Led by certified multidisciplinary wellbeing hosts around a three-step decorum of Mindfulness, Finding, and Nourishment, the Veya Experience is formed in unswerving reaction to the Covid-19 pandemic, aiming to address a world with a vital need for rewiring the body and mind.
REGENERATIVE TOURISM
Pledge to sustainability and communal accountability is at the heart of everything the resort does. The approach echoes in the assortment of sustainability-related activities on offer to the guests. To entirely appreciate the calmness of the lagoons, hop onto a free ferry service for a ride around Laguna Phuket, which has halts at several locations, plus the beach bar Xana. For those looking to explore further afield, the city of Phuket is a thirty-minute ride away via a shuttle bus service available at the foyer of Cassia. In my present state of newly discovered zen, I choose to make my way to Bang Tao beach instead.

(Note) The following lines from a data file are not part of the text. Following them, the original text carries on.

lemma eps_y_xlift_ylift: "eps_y (xlift a * ylift b) = smult (poly b 0) a"
  by (simp add: eps_y_def xlift_def ylift_def poly_0_coeff_0 coeff_map_poly)

lemma eps_y_shift2: "eps_y (shift2 c H) = shift c (eps_y H)"
  by (simp add: eps_y_def shift2_def poly_0_coeff_0 coeff_map_poly shift_def)

lemma klinear_eps_y_comp: "klinear2 F \<Longrightarrow> klinear (eps_y \<circ> F)"
  by (simp add: klinear_def klinear2_def eps_y_add eps_y_smult)

lemma shift_invariant_eps_y_comp: "shift_invariant2 F \<Longrightarrow> shift_invariant (eps_y \<circ> F)"
  by (simp add: shift_invariant_def shift_invariant2_def eps_y_shift2)

lemma degree_seq_eps_y_convolution:
  fixes p :: "nat \<Rightarrow> 'a::idom poly"
  assumes p: "degree_seq p"
  shows "degree_seq (\<lambda>n. eps_y (\<Sum>k\<le>n. xlift (p k) * ylift (p (n - k))))"
  unfolding degree_seq_def
proof
  fix n
  have "poly (p 0) 0 \<noteq> 0"
    using p unfolding degree_seq_def by (metis degree_0_id pCons_0_0 poly_0_coeff_0)
  then show "eps_y (\<Sum>k\<le>n. xlift (p k) * ylift (p (n - k))) \<noteq> 0 \<and>
      degree (eps_y (\<Sum>k\<le>n. xlift (p k) * ylift (p (n - k)))) = n"
    using sum_smult_degree_seq[OF p, of "\<lambda>k. poly (p (n - k)) 0" n]
    by (simp add: eps_y_sum eps_y_xlift_ylift)
qed

lemma swapxy_convolution:
  fixes f :: "nat \<Rightarrow> 'a::comm_ring_1 poly"
  shows "swapxy (\<Sum>k\<le>n. xlift (f k) * ylift (f (n - k))) = (\<Sum>k\<le>n. xlift (f k) * ylift (f (n - k)))"
  using sum.atLeastAtMost_rev[of "\<lambda>k. xlift (f (n - k)) * ylift (f k)" 0 n]
  by (simp add: swapxy_sum swapxy_xlift_ylift atMost_atLeast0)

This 3 km stretch of white sandy shores is hardly a ten-minute walk from Veya, this is possibly as close to unscathed paradise as one might hope to get in these contemporary times. That evening, as I stare at the infinite horizon, the setting sun setting the sky on fire, I am very sure I finally get a taste of that intangible sense of internal peace that many people have been seeking by signing up for this retreat. All in all, via travel and tourism, there is prospective to make an optimistic impression on the communities and the
environment.
Awarded the “Best food writer in the country” by the Indian culinary forum, WACS and the ministry of Tourism, Rupali Dean writes on food and travel.